Resources for Kesubos daf 28
1. The גמרא says that if a ישראל divorces his wife and she remarries then they cannot live in the same שכונה. If a כהן divorces his wife, even if she doesn’t remarry they cant live in the same מבוי. What if the ישראל’s wife doesn’t remarry? The ריטב"א says it is a דבר פּשוט that they can live wherever they want since there is no איסור for the ישראל to remarry her. However, the רמב"ם in הלכות איסורי ביאה פּרק כ"א הל׳ כ"ז disagrees and says that even a ישראל cant live in the same חצר as his divorced wife since we are afraid it may lead to זנות. The מגיד משנה says that the רמב"ם must have had the גירסא of לא תדור בחצרו instead of our גירסא of לא תנשא בשכונתו. The הפלאה makes the following fascinating הערה: Theרמב"ם holds that if a person is בא על הפּנויה, they get מלקות because of לא תהיה קדשה. So it makes sense that the רמב"ם would hold that even a ישראל would not be allowed to live near his ex-wife lest they come to זנות. What’s surprising is that the רמב"ם holds that if a כהן is בא על הגרושה שלא לשם קידושין there is no מלקות since the איסור is לא יקח. If so, it comes out that the ישראל’s איסור is more חמור than the כהן’s איסור that he has due to כהונה! If so, why is it that we are more מחמיר by a כהן than by a ישראל in terms of how far away the have to live from their ex-wives? He answers that since a ישראל at least has a way to do it בהיתר via קידושין so we aren’t as concerned that it will lead to זנות.

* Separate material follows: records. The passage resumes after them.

text \<open>Orthonormalising a basis for the given inner product yields a linear bijection \<open>\<Xi>\<close> with
  \<open>ip x y = \<langle>\<Xi> x, \<Xi> y\<rangle>\<close>, so the cone of \<open>\<Xi> \<Omega>\<close> is self-dual for the Euclidean inner product.
  For such a cone \<open>K\<close> and \<open>T \<in> GL(\<Omega>)\<close>, the positive operator \<open>T\<^sup>* T\<close> is again an
  automorphism of \<open>K\<close>, hence permutes the finitely many extreme rays; some power of it fixes the ray
  of an extreme point \<open>e\<close>, and positivity then forces \<open>T\<^sup>* T e = \<lambda> e\<close> with \<open>\<lambda> > 0\<close>.
  Averaging over the finite group \<open>GL(\<Omega>)\<close> gives \<open>\<langle>e, y\<rangle>\<^sub>G\<^sub>L = \<Lambda>\<^sub>e \<langle>e, y\<rangle>\<close> with
  \<open>\<Lambda>\<^sub>e > 0\<close> for every extreme point \<open>e\<close>; as \<open>K\<close> is generated by its extreme points, its
  duals for the two inner products coincide.\<close>

lemma ex_inner_eq_1_if_0_notin_affine_hull:
  fixes S :: "'a::euclidean_space set"
  assumes "0 \<notin> affine hull S"
  shows "\<exists>a. \<forall>x\<in>S. inner a x = 1"
proof (cases "S = {}")
  case False
  then obtain x0 where x0: "x0 \<in> affine hull S" by (meson all_not_in_conv hull_inc)
  obtain a b where ab: "0 < b" "\<forall>x\<in>affine hull S. b < inner a x"
    using separating_hyperplane_closed_point[OF affine_imp_convex[OF affine_affine_hull]
        closed_affine_hull assms] by auto
  have const: "inner a x = inner a x0" if x: "x \<in> affine hull S" for x
  proof (rule ccontr)
    assume "inner a x \<noteq> inner a x0"
    then have d: "inner a x - inner a x0 \<noteq> 0" by simp
    \<comment> \<open>an affine function that is not constant on the affine hull takes the value \<open>b - 1\<close> there\<close>
    define t where "t = (b - 1 - inner a x0) / (inner a x - inner a x0)"
    have "(1 - t) *\<^sub>R x0 + t *\<^sub>R x \<in> affine hull S"
      using affine_affine_hull[of S] x x0 unfolding affine_def by simp
    moreover have "inner a ((1 - t) *\<^sub>R x0 + t *\<^sub>R x) = inner a x0 + t * (inner a x - inner a x0)"
      by (simp add: inner_add_right algebra_simps)
    moreover have "t * (inner a x - inner a x0) = b - 1 - inner a x0"
      using d by (simp add: t_def)
    ultimately show False using ab by fastforce
  qed
  have pos: "inner a x0 > 0" using ab x0 by force
  show ?thesis
  proof (intro exI ballI)
    fix x assume "x \<in> S"
    then show "inner (a /\<^sub>R inner a x0) x = 1" using const[OF hull_inc] pos by simp
  qed
qed simp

2. The משנה says that a person is believed when he is a גדול to say what he saw when he was a child in regards to a person eating תרומה. The גמרא clarifies that this can only refer to תרומה דרבנן. The קובץ שיעורים in אות ע"ז asks why the person is not believed even by תרומה דאורייתא because of the concept of עד אחד נאמן באיסורים? The assumption of the question is that the issue with believing a person based on what they saw as a child is because of a פּסול עדות called תחילתו בפּסול וסופו בכשרות which means you have to be a כשר עד from the time you saw the action until the time you testify. In this case the person was תחילתו בפּסול because he saw the event when he was a child. Therefore, the question is that being an עד פּסול shouldn’t be a problem by תרומה דאורייתא, just like a woman is believed by איסורין דאורייתא even though she is an עד פּסול. He answers that the premise of the question was wrong. The issue with relying on the things you saw as a child is not because of a technical פּסול but rather that we simply don’t believe you understood what you saw because you were a child at the time.
3. The גמרא says that a person can מעיד about what he saw as a child regarding קיום שטרות דרבנן. The הגהות אשר"י says that this includes all פּסולים, including relatives of the lender! However, the ריטב"א disagrees and says it certainly does not include relatives of the lender. Even the דיינים can't be related to each other. The only relatives allowed are if the עדים who are doing the קיום are related to the ones who signed the שטר.